The Scottie raced across the marble floor yapping madly; the vulture, hissing, stretched out her fearsome wings and back-flapped from the mess of adman. The Scottie leapt to snap the meaty titbit from Prometheus’s fingers — ‘Tap!’ The steel frame of Zeus’s penthouse shuddered, then shrank. And why, thought Prometheus, haven’t I noticed before now that here in Zeus’s own home, there’s no branded thing? ‘Tap!’ The half-naked man bending over to pet the cute puppy — at least, that’s what any lazy viewer would think, seeing this single image graven for all eternity. ‘Tap!’ It would’ve been so reassuring to have been able to think of it all as a myth, a fable or a dream, but, as Neil Bolton’s portentous voice-over came rolling upriver — ‘Give your dog Scottie’s Liver Treats and show him you love him as much as he loves you’ — Prometheus was gnawed at by the most excruciating end-line conceivable.

It was all an advert.

Birdy Num Num

What’s my name? My name is legion, for I — we — are many. Many and colourless. I’m in him — and her, and them; I’m in some of those over there, the ones shopping for travel adaptors in Dixons. The pair of semi-whores — squeaking on high stools in leather skirts, eating caviar with their sour daddy at the granite lip of the seafood bar — I’m far deeper in them than he’ll ever be. As for that one, I’m most definitely in him, I’m loaded into him, the windy horse of a cleaner who, emaciated in his worn blue-denim fatigues, is invisible to these fervent believers in universal healthcare: the African, pulling his cartload of bleach and plastic bags from one village-sized toilet to the next.

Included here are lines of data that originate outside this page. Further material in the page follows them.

lemma quot_seminorm_add:
  assumes C: "C \<in> carrier (R Quot I)" and D: "D \<in> carrier (R Quot I)"
  shows "quot_seminorm N (C \<oplus>\<^bsub>R Quot I\<^esub> D) \<le> quot_seminorm N C + quot_seminorm N D"
  unfolding quot_seminorm_def[of _ C] quot_seminorm_def[of _ D]
proof (rule le_Inf_add)
  interpret I: ideal I R by (rule I)
  interpret Q: ring "R Quot I" by (rule I.quotient_is_ring)
  show "N ` C \<noteq> {}" "N ` D \<noteq> {}"
    using ideal.quotient_carrier_nonempty[OF I] C D by auto
  fix a b assume "a \<in> N ` C" "b \<in> N ` D"
  then obtain x y where xy: "x \<in> C" "y \<in> D" and ab: "a = N x" "b = N y" by blast
  then have "x \<oplus> y \<in> C \<oplus>\<^bsub>R Quot I\<^esub> D"
    unfolding FactRing_def set_add_defs by auto
  then have "quot_seminorm N (C \<oplus>\<^bsub>R Quot I\<^esub> D) \<le> N (x \<oplus> y)"
    by (rule quot_seminorm_le[OF Q.add.m_closed[OF C D]])
  also have "\<dots> \<le> a + b"
    using ab ideal.quotient_carrier_rep(1)[OF I] C D xy by (simp add: seminorm_add)
  finally show "quot_seminorm N (C \<oplus>\<^bsub>R Quot I\<^esub> D) \<le> a + b" .
qed

lemma quot_seminorm_mult:
  assumes C: "C \<in> carrier (R Quot I)" and D: "D \<in> carrier (R Quot I)"
  shows "quot_seminorm N (C \<otimes>\<^bsub>R Quot I\<^esub> D) \<le> quot_seminorm N C * quot_seminorm N D"
  unfolding quot_seminorm_def[of _ C] quot_seminorm_def[of _ D]
proof (rule le_Inf_mult)
  interpret I: ideal I R by (rule I)
  interpret Q: ring "R Quot I" by (rule I.quotient_is_ring)
  show "N ` C \<noteq> {}" "N ` D \<noteq> {}"
    using ideal.quotient_carrier_nonempty[OF I] C D by auto
  have CD: "\<And>x. x \<in> C \<Longrightarrow> x \<in> carrier R" "\<And>y. y \<in> D \<Longrightarrow> y \<in> carrier R"
    using ideal.quotient_carrier_rep(1)[OF I] C D by blast+
  then show "\<And>a. a \<in> N ` C \<Longrightarrow> 0 \<le> a" "\<And>b. b \<in> N ` D \<Longrightarrow> 0 \<le> b"
    using seminorm_nonneg by blast+
  fix a b assume "a \<in> N ` C" "b \<in> N ` D"
  then obtain x y where xy: "x \<in> C" "y \<in> D" and ab: "a = N x" "b = N y" by blast
  then have "x \<otimes> y \<in> C \<otimes>\<^bsub>R Quot I\<^esub> D"
    using CD I.a_rcos_self[of "x \<otimes> y"] unfolding FactRing_def rcoset_mult_def by auto
  then have "quot_seminorm N (C \<otimes>\<^bsub>R Quot I\<^esub> D) \<le> N (x \<otimes> y)"
    by (rule quot_seminorm_le[OF Q.m_closed[OF C D]])
  also have "\<dots> \<le> a * b" using ab CD xy by (simp add: seminorm_mult)
  finally show "quot_seminorm N (C \<otimes>\<^bsub>R Quot I\<^esub> D) \<le> a * b" .
qed

lemma quot_seminorm_minus:
  assumes C: "C \<in> carrier (R Quot I)"
  shows "quot_seminorm N (\<ominus>\<^bsub>R Quot I\<^esub> C) \<le> quot_seminorm N C"
proof (rule le_quot_seminorm)
  interpret I: ideal I R by (rule I)
  interpret Q: ring "R Quot I" by (rule I.quotient_is_ring)
  interpret H: ring_hom_ring R "R Quot I" "(+>) I" by (rule ideal.rcos_ring_hom_ring[OF I])
  show "C \<in> carrier (R Quot I)" by (rule C)
  fix y assume "y \<in> C"
  then have y: "y \<in> carrier R" "C = I +> y" using ideal.quotient_carrier_rep[OF I C] by blast+
  then have "\<ominus>\<^bsub>R Quot I\<^esub> C = I +> (\<ominus> y)" using H.hom_a_inv by simp
  moreover have "\<ominus> y \<in> I +> (\<ominus> y)" using y(1) by (intro I.a_rcos_self a_inv_closed)
  ultimately have "\<ominus> y \<in> \<ominus>\<^bsub>R Quot I\<^esub> C" by simp
  then have "quot_seminorm N (\<ominus>\<^bsub>R Quot I\<^esub> C) \<le> N (\<ominus> y)"
    by (rule quot_seminorm_le[OF Q.a_inv_closed[OF C]])
  also have "\<dots> \<le> N y" by (rule seminorm_minus[OF y(1)])
  finally show "quot_seminorm N (\<ominus>\<^bsub>R Quot I\<^esub> C) \<le> N y" .
qed

lemma quot_seminorm_ring_seminorm: "ring_seminorm (R Quot I) (quot_seminorm N)"
  by (intro ring_seminorm.intro ideal.quotient_is_ring[OF I] ring_seminorm_axioms.intro
      quot_seminorm_nonneg quot_seminorm_zero quot_seminorm_add quot_seminorm_mult quot_seminorm_minus)

lemma quot_seminorm_mono:
  assumes "ring_seminorm R p" and "\<And>x. x \<in> carrier R \<Longrightarrow> p x \<le> N x"
    and C: "C \<in> carrier (R Quot I)"
  shows "quot_seminorm p C \<le> quot_seminorm N C"
  unfolding quot_seminorm_def[of N]
proof (rule cInf_greatest)
  show "N ` C \<noteq> {}" using ideal.quotient_carrier_nonempty[OF I C] by blast
  fix a assume "a \<in> N ` C"
  then obtain x where "x \<in> C" "a = N x" by blast
  then show "quot_seminorm p C \<le> a"
    using ring_seminorm.quot_seminorm_le[OF assms(1) I C] assms(2) ideal.quotient_carrier_rep[OF I C]
    by (meson order_trans)
qed

end

end

lemma nonprincipal_le_sequentially:
  assumes "nonprincipal U"
  shows "U \<le> sequentially"
  unfolding le_sequentially
proof
  fix N show "eventually (\<lambda>n. N \<le> n) U"
  proof (induction N)
    case (Suc N)
    have "eventually (\<lambda>n. n \<noteq> N) U" using assms by (simp add: nonprincipal_def)
    with Suc show ?case by eventually_elim auto
  qed simp
qed

section \<open>Infinite sums\<close>

lemma infsum_UN_disjoint:
  fixes F :: "'a \<Rightarrow> 'c::banach"
  assumes sum: "F summable_on S" and sub: "\<And>w. w \<in> W \<Longrightarrow> A w \<subseteq> S"
    and disj: "disjoint_family_on A W"
  shows "(\<lambda>w. infsum F (A w)) summable_on W"
    and "(\<Sum>\<^sub>\<infinity>w\<in>W. infsum F (A w)) = infsum F (\<Union>w\<in>W. A w)"
proof -
  let ?S = "Sigma W A"
  have inj: "inj_on snd ?S" using disj by (auto simp: inj_on_def disjoint_family_on_def)
  have img: "snd ` ?S = (\<Union>w\<in>W. A w)" by force
  have "F summable_on (\<Union>w\<in>W. A w)"
    by (rule summable_on_subset_banach[OF sum]) (use sub in blast)
  then have "(F \<circ> snd) summable_on ?S"
    using summable_on_reindex[OF inj, of F] img by simp
  then have Sigma: "(\<lambda>(w,x). F x) summable_on ?S"
    by (simp add: case_prod_beta' comp_def)
  show "(\<lambda>w. infsum F (A w)) summable_on W"
    using summable_on_Sigma_banach[OF Sigma] .
  have "(\<Sum>\<^sub>\<infinity>w\<in>W. infsum F (A w)) = infsum (\<lambda>(w,x). F x) ?S"
    using infsum_Sigma'_banach[OF Sigma] .
  also have "\<dots> = infsum (F \<circ> snd) ?S" by (simp add: case_prod_beta' comp_def)
  also have "\<dots> = infsum F (snd ` ?S)" using infsum_reindex[OF inj, of F] by simp
  finally show "(\<Sum>\<^sub>\<infinity>w\<in>W. infsum F (A w)) = infsum F (\<Union>w\<in>W. A w)" using img by simp
qed

lemma norm_summable_prod:
  fixes F :: "'a \<Rightarrow> 'c::real_normed_div_algebra" and G :: "'b \<Rightarrow> 'c"
  assumes "(\<lambda>x. norm (F x)) summable_on A" "(\<lambda>x. norm (G x)) summable_on B"
  shows "(\<lambda>p. norm ((\<lambda>(a,b). F a * G b) p)) summable_on (A \<times> B)"
    and "infsum (\<lambda>(a,b). norm (F a * G b)) (A \<times> B) = infsum (\<lambda>a. norm (F a)) A * infsum (\<lambda>b. norm (G b)) B"
proof -
  have eq: "(\<lambda>p. norm ((\<lambda>(a,b). F a * G b) p)) = (\<lambda>(a,b). norm (F a) * norm (G b))"
    by (auto simp: norm_mult)
  have outer: "(\<lambda>a. infsum (\<lambda>b. norm (F a) * norm (G b)) B) = (\<lambda>a. norm (F a) * infsum (\<lambda>b. norm (G b)) B)"
    by (simp add: infsum_cmult_right')
  have so: "(\<lambda>a. norm (F a) * infsum (\<lambda>b. norm (G b)) B) summable_on A"
    using assms(1) by (rule summable_on_cmult_left)
  have ss: "(\<lambda>(a,b). norm (F a) * norm (G b)) summable_on (A \<times> B)"
    by (rule summable_on_SigmaI[where g="\<lambda>a. norm (F a) * infsum (\<lambda>b. norm (G b)) B"])
       (auto intro!: has_sum_cmult_right simp: so assms(2))
  then show "(\<lambda>p. norm ((\<lambda>(a,b). F a * G b) p)) summable_on (A \<times> B)" using eq by simp
  have "infsum (\<lambda>(a,b). norm (F a) * norm (G b)) (A \<times> B) =
        infsum (\<lambda>a. infsum (\<lambda>b. norm (F a) * norm (G b)) B) A"
    using infsum_Sigma'_banach[of "\<lambda>a b. norm (F a) * norm (G b)" A "\<lambda>_. B"] ss by simp
  also have "\<dots> = infsum (\<lambda>a. norm (F a)) A * infsum (\<lambda>b. norm (G b)) B"
    by (simp add: outer infsum_cmult_left')
  finally show "infsum (\<lambda>(a,b). norm (F a * G b)) (A \<times> B) = infsum (\<lambda>a. norm (F a)) A * infsum (\<lambda>b. norm (G b)) B"
    by (simp add: case_prod_beta' norm_mult)
qed

lemma infsum_mult_infsum:
  fixes a :: "'a \<Rightarrow> 'c::{real_normed_div_algebra, banach}" and b :: "'b \<Rightarrow> 'c"
  assumes "(\<lambda>x. norm (a x)) summable_on A" "(\<lambda>x. norm (b x)) summable_on B"
  shows "infsum a A * infsum b B = infsum (\<lambda>(x,y). a x * b y) (A \<times> B)"
proof -
  have s: "(\<lambda>(x,y). a x * b y) summable_on (A \<times> B)"
    using abs_summable_summable[OF norm_summable_prod(1)[OF assms]] .
  have "infsum (\<lambda>(x,y). a x * b y) (A \<times> B) = infsum (\<lambda>x. infsum (\<lambda>y. a x * b y) B) A"
    using infsum_Sigma'_banach[of "\<lambda>x y. a x * b y" A "\<lambda>_. B"] s by simp
  also have "\<dots> = infsum (\<lambda>x. a x * infsum b B) A" by (simp add: infsum_cmult_right')
  also have "\<dots> = infsum a A * infsum b B" by (simp add: infsum_cmult_left')
  finally show ?thesis by simp
qed

lemma infsum_Sigma_reindex_bij:
  fixes F :: "'a \<Rightarrow> 'c::banach"
  assumes "F summable_on T"
    and "\<And>a. a \<in> Sigma A B \<Longrightarrow> i (j a) = a" "\<And>a. a \<in> Sigma A B \<Longrightarrow> j a \<in> T"
    and "\<And>b. b \<in> T \<Longrightarrow> j (i b) = b" "\<And>b. b \<in> T \<Longrightarrow> i b \<in> Sigma A B"
    and "\<And>x y. (x, y) \<in> Sigma A B \<Longrightarrow> F (j (x, y)) = G x y"
  shows "(\<Sum>\<^sub>\<infinity>x\<in>A. \<Sum>\<^sub>\<infinity>y\<in>B x. G x y) = infsum F T"
proof -
  have G: "F (j a) = (\<lambda>(x, y). G x y) a" if "a \<in> Sigma A B" for a
    using that assms(6) by (cases a) simp
  have "(\<lambda>(x, y). G x y) summable_on Sigma A B"
    using summable_on_reindex_bij_witness[of "Sigma A B" i j T F] assms(1-5) G by blast
  then have "(\<Sum>\<^sub>\<infinity>x\<in>A. \<Sum>\<^sub>\<infinity>y\<in>B x. G x y) = infsum (\<lambda>(x, y). G x y) (Sigma A B)"
    by (rule infsum_Sigma'_banach)
  also have "\<dots> = infsum F T"
    using infsum_reindex_bij_witness[of "Sigma A B" i j T F] assms(1-5) G by blast
  finally show ?thesis .
qed

lemma infsum_single_nonzero:
  assumes "a \<in> A" "\<And>x. x \<in> A \<Longrightarrow> x \<noteq> a \<Longrightarrow> f x = 0"
  shows "infsum f A = f a"
proof -
  have "infsum f A = infsum f {a}" by (rule infsum_cong_neutral) (use assms in auto)
  then show ?thesis by simp
qed

lemma infsum_sum_finite:
  fixes f :: "'b \<Rightarrow> 'a \<Rightarrow> real"
  assumes "finite F" "\<And>k. k \<in> F \<Longrightarrow> f k summable_on A"
  shows "(\<lambda>j. \<Sum>k\<in>F. f k j) summable_on A \<and> infsum (\<lambda>j. \<Sum>k\<in>F. f k j) A = (\<Sum>k\<in>F. infsum (f k) A)"
  using assms
proof (induction F rule: finite_induct)
  case (insert x F)
  then have "f x summable_on A" "(\<lambda>j. \<Sum>k\<in>F. f k j) summable_on A" by auto
  then show ?case using insert by (simp add: summable_on_add infsum_add)
qed simp

section \<open>\<open>Cu\<^sub>2\<close> acting on \<open>\<nat>\<close> by partial injections\<close>

fun gen_act :: "gen \<Rightarrow> nat \<Rightarrow> nat option" where
  "gen_act S1 k = Some (2*k)"
| "gen_act S2 k = Some (2*k+1)"
| "gen_act S1s k = (if even k then Some (k div 2) else None)"
| "gen_act S2s k = (if odd k then Some (k div 2) else None)"
| "gen_act Zg k = None"

fun word_act :: "gen list \<Rightarrow> nat \<Rightarrow> nat option" where
  "word_act [] k = Some k"
| "word_act (g # w) k = Option.bind (word_act w k) (gen_act g)"

lemma word_act_append: "word_act (x @ y) k = Option.bind (word_act y k) (word_act x)"
  by (induction x arbitrary: k) (auto split: Option.bind_splits option.splits)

I am not death, for death has no persona; death is only an absence — not even a mask. True, for some I am death’s helpmeet, but I’m not a psychopath, only a cytopath. I, too, am alive. I, too, have feelings — ethics as well. If I am known at all, it’s by my effects rather than my causes; in this I am antithetical to humans’ gods. Be that as it may, I am powerful, I am ancient, I am constantly changing, and I — we — are, if not omniscient, privy to a lot.

Y’know, some bio-theologians think I’m the First Cause, a primitive form of all the life on this dirt ball — that every animal evolved from an organism like me; others take the contrary view, that I — we — are fallen angels, cast out from the heaven of advancement, deselected and so become parasitic and unsexed.